In the final analysis, 61,642 infants or 83% of those born in participating hospitals received optimal cord clamping. Teams saw a 10% improvement that should lead to a 5% decrease in mortality.
Twelve (12) hospitals achieved a 5-star rating, which consisted of active project participation including huddles and coaching calls, monthly outcome and structure data capture, data driven QI work, clinical change implementation, and reaching the state goal of 90% of infants receiving optimal cord clamping. Five (5) hospitals achieved a 4-star rating, which consisted of successful completion of 4 of the 5 following project expectations: active project participation including huddles and coaching calls, monthly outcome and structure data capture, and data driven QI work.
“Working on the OCC project and TPIQC has been an amazing experience and seeing the impact on the lives of Tennessee’s tinyiest babies has been very rewarding.
Howard Herrell, MD, State OB leader
61,642 lives impacted and improved by this project! TIPQC and all the hospitals and staff who participated knocked this one out of the park! Great job!”
Scott Guthrie, MD State Leader
For more on this project, see: https://tipqc.org/occ/ and the Impact Statement.
The Promotion of Safe Vaginal Delivery (PVD) project
The Promotion of Safe Vaginal Delivery (PVD) project, started with the 6 pilot hospitals in October 2022, with all 36 teams joining by June 2023 to promote safe vaginal delivery for the Nulliparous, Term, Singleton, Vertex Pregnancy (NTSV) thus decreasing the rate of C-Sections to the Healthy People Goal 2030 of <23.6%.
Nationally, Tennessee is in the highest quartile of cesarean birth rates at 34.2%. Based on 2015-2019 Tennessee Department of Health Vital Statistics data, 75% of TN hospitals have a cesarean birth rate above 20%. There is notable variation in cesarean birth rates among the birthing hospitals in Tennessee, with 31 percentage points separating the facilities with the highest and lowest cesarean rates. According to LeapFrog data, the rate of cesarean births among nulliparous, term, singleton, vertex (NTSV) pregnancies range from 11% to 42% among responding TN birthing hospitals.
This project has 11,668 NTSV deliveries in the participating hospitals to date. Of these deliveries, there were 3,220 cesarean births, as well as 6,536 NTSV after labor induction, with 1,837 having a cesarean delivery.

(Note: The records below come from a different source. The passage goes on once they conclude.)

(* Let $(A_1,X_1)$ and $(A_2,X_2)$ be two graphs that cannot be distinguished by the 1-WL algorithm. Then any Graph U-Net-th network computes the same vector representation for them.
   Context: A graph is given by a symmetric adjacency matrix $A$ (possibly a multigraph with nonnegative integer entries) and node features $X$. The 1-WL (color refinement) algorithm starts from initial colors given by node features and iteratively recolors each node by (its current color, multiset of neighbors' current colors, counted with multiplicity) until stable. Two graphs "cannot be distinguished by the 1-WL algorithm" means: running 1-WL on their disjoint union, every stable color class contains the same number of nodes from each graph. A node-level map is 1-WL-bounded if the representation it assigns to a node depends only on the node's stable 1-WL color (computed on the disjoint union of the graphs under consideration); standard message-passing GNN layers are of this type. A Graph U-Net-th pooling layer, with fixed projection vector $p$, threshold $\beta\in\mathbb{R}$ and fixed integer $\ell\ge1$, maps an input $(A,H)$ to $(A^\ell[b,b],\,H[b])$, where $v=Hp$, $b$ is the indicator vector $b_i=1[v_i\ge\beta]$, and $M[b,b]$, $H[b]$ denote restriction to rows/columns with $b_i=1$. A Graph U-Net-th network alternates 1-WL-bounded GNN layers (applied to the current (multi)graph and features) with such pooling layers, and ends with a permutation-invariant readout of the final node representations. *)

theory Defs
  imports Complex_Main "HOL-Library.Multiset"
begin

text \<open>A (multi)graph with nodes 0,...,nv-1, nonnegative integer adjacency matrix
  and node feature vectors (real lists).\<close>

record graph =
  nv   :: nat
  adj  :: "nat \<Rightarrow> nat \<Rightarrow> nat"
  feat :: "nat \<Rightarrow> real list"

definition symmetric_graph :: "graph \<Rightarrow> bool" where
  "symmetric_graph G \<longleftrightarrow> (\<forall>i<nv G. \<forall>j<nv G. adj G i j = adj G j i)"

text \<open>Colours at round t are represented by the induced partition: wl_rel t x y holds
  iff x and y have the same colour after t rounds. The colour of z is identified with
  its colour class.\<close>

fun wl_rel :: "'v set \<Rightarrow> ('v \<Rightarrow> 'v \<Rightarrow> nat) \<Rightarrow> ('v \<Rightarrow> 'c) \<Rightarrow> nat \<Rightarrow> 'v \<Rightarrow> 'v \<Rightarrow> bool" where
  "wl_rel V A X 0 x y = (X x = X y)"
| "wl_rel V A X (Suc t) x y =
     (wl_rel V A X t x y \<and>
      (\<Sum>z\<in>V. replicate_mset (A x z) {w\<in>V. wl_rel V A X t z w}) =
      (\<Sum>z\<in>V. replicate_mset (A y z) {w\<in>V. wl_rel V A X t z w}))"

text \<open>Stable colouring: the limit of the refinement (refinement stabilises after
  finitely many rounds, after which the partition no longer changes).\<close>

definition wl_stable :: "'v set \<Rightarrow> ('v \<Rightarrow> 'v \<Rightarrow> nat) \<Rightarrow> ('v \<Rightarrow> 'c) \<Rightarrow> 'v \<Rightarrow> 'v \<Rightarrow> bool" where
  "wl_stable V A X x y \<longleftrightarrow> (\<forall>t. wl_rel V A X t x y)"

definition union_nodes :: "graph \<Rightarrow> graph \<Rightarrow> (nat + nat) set" where
  "union_nodes G1 G2 = Inl ` {..<nv G1} \<union> Inr ` {..<nv G2}"

fun union_adj :: "graph \<Rightarrow> graph \<Rightarrow> nat + nat \<Rightarrow> nat + nat \<Rightarrow> nat" where
  "union_adj G1 G2 (Inl i) (Inl j) = adj G1 i j"
| "union_adj G1 G2 (Inr i) (Inr j) = adj G2 i j"
| "union_adj G1 G2 _ _ = 0"

fun union_feat :: "graph \<Rightarrow> graph \<Rightarrow> nat + nat \<Rightarrow> real list" where
  "union_feat G1 G2 (Inl i) = feat G1 i"
| "union_feat G1 G2 (Inr i) = feat G2 i"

This is an ongoing project, but much work as been done! Mid-term Impact Statement
For more on this project, see: Project – Promotion of Safe Vaginal Deliveries
The Intraventricular Hemorrhage (IVH) project
The Intraventricular Hemorrhage (IVH) project included all twelve (12) of the Level 3 & 4 NICUS in the state, and is a part of the Tennessee Tiniest Babies bundle, with a total of 768 babies to date in this project. Halfway through this project, the six pilot hospitals have seen a percentage decrease from 15.4% in December 2022 to 8.3% in September 2023. These teams have a median value of 8.0% during these 10 months of participation, and an overall sIVH rate of 8.4%. The six non-pilot hospitals have a decrease in the monthly sIVH percentage from 20% in April 2023 to 11.1% in September 2023. These teams have a median value of 12% during 6 months of participation, and an overall sIVH rate of 12.2%. As a collaborative, the median sIVH rate is 9.4% and an overall sIVH rate of 9.8%.

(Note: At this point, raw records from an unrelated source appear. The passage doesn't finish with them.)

lemma not_delta_obtains_two_nonzero:
  assumes "f \<noteq> (\<lambda>_. 0)" "\<nexists>m c. c \<noteq> 0 \<and> f = (\<lambda>n. if n = m then c else 0)"
  obtains m1 m2 where "m1 \<noteq> m2" "f m1 \<noteq> 0" "f m2 \<noteq> 0"
proof -
  obtain m1 where "f m1 \<noteq> 0"
    using assms(1) by auto
  moreover from this assms(2) have "f \<noteq> (\<lambda>n. if n = m1 then f m1 else 0)"
    by blast
  then obtain m2 where "f m2 \<noteq> (if m2 = m1 then f m1 else 0)"
    by auto
  ultimately show thesis
    using that[of m1 m2] by (auto split: if_splits)
qed

lemma maxfun_delta:
  "maxfun (\<lambda>x. if x = m then c else 0) n = \<bar>c\<bar> / (2 * real (nat \<bar>n - m\<bar>) + 1)"
proof -
  define e where "e = nat \<bar>n - m\<bar>"
  have avg: "ball_avg (\<lambda>x. if x = m then c else 0) n r
      = (if e \<le> r then \<bar>c\<bar> else 0) / (2 * real r + 1)" for r
  proof -
    have "(\<Sum>x\<in>{n - int r..n + int r}. \<bar>if x = m then c else 0\<bar>)
        = (\<Sum>x\<in>{n - int r..n + int r}. if x = m then \<bar>c\<bar> else 0)"
      by (rule sum.cong) auto
    also have "\<dots> = (if e \<le> r then \<bar>c\<bar> else 0)"
      by (auto simp: e_def)
    finally show ?thesis
      by (simp add: ball_avg_def)
  qed
  have le: "ball_avg (\<lambda>x. if x = m then c else 0) n r \<le> \<bar>c\<bar> / (2 * real e + 1)" for r
    unfolding avg by (auto intro!: divide_left_mono)
  have "\<bar>c\<bar> / (2 * real e + 1) = ball_avg (\<lambda>x. if x = m then c else 0) n e"
    by (simp add: avg)
  also have "\<dots> \<le> (SUP r. ball_avg (\<lambda>x. if x = m then c else 0) n r)"
    by (rule cSUP_upper) (auto intro: bdd_aboveI2[OF le])
  finally show ?thesis
    unfolding maxfun_eq_SUP_ball_avg e_def[symmetric]
    by (intro antisym cSUP_least le) auto
qed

“Tennessee’s Tiniest Babies got off to a great start with the severe IVH reduction project. Looking forward to seeing how we impact Tennessee’s smallest citizens with what we are doing.” Scott Guthrie, MD
“We are excited to partner together and provide statewide, collaborative, comprehensive care, to reduce the incidence of severe IVH in the state of TN. Let’s keep pushing forward to provide the best care we can.” Marcelo Rains, MD
“It is such great experience to be involved in the state wide IVH project and to learn about how different units across the state are working to optimize care of extremely preterm infants. Hope our collaborative efforts help us achieve our goal of reducing IVH rates in our preterm population.” Parul Zaveri, MD
“Every baby is unique, but when we provide them with more consistent care, our outcomes improve. This project is making such an impact as we get to see more of our babies go home with fewer complications.” John Buchheit, MD, East Tennessee Children’s Hospital
TeamBirth
TeamBirth is a joint project endeavor with TIPQC and Ariadne Labs supporting open communication among patients, their support people, and clinicians during birth. “Through structured huddles and a shared planning board, TeamBirth empowers everyone to reach decisions together. The result is more dignified, respectful care that gives patients the role that they want.”
The 5 hospital teams that began in November include Ascension St. Thomas Midtown, Baptist Memorial Hospital for Women, Regional One Health, TriStar Centennial Medical Center for Women, and TriStar Stonecrest Medical Center. University of Tennessee Medical Center, Knoxville (previously implemented) has also joined as a mentor.
Piloting: Chronic Lung Disease Project
Project was developed this Fall, with IRB approval received in December 2023. Piloting with state enrollment in the Spring 2024. This is a continuation of the Tennessee Tiniest Babies bundle, which included the Optimal Cord Clamping Project and the current Intraventricular Hemorrhage Project.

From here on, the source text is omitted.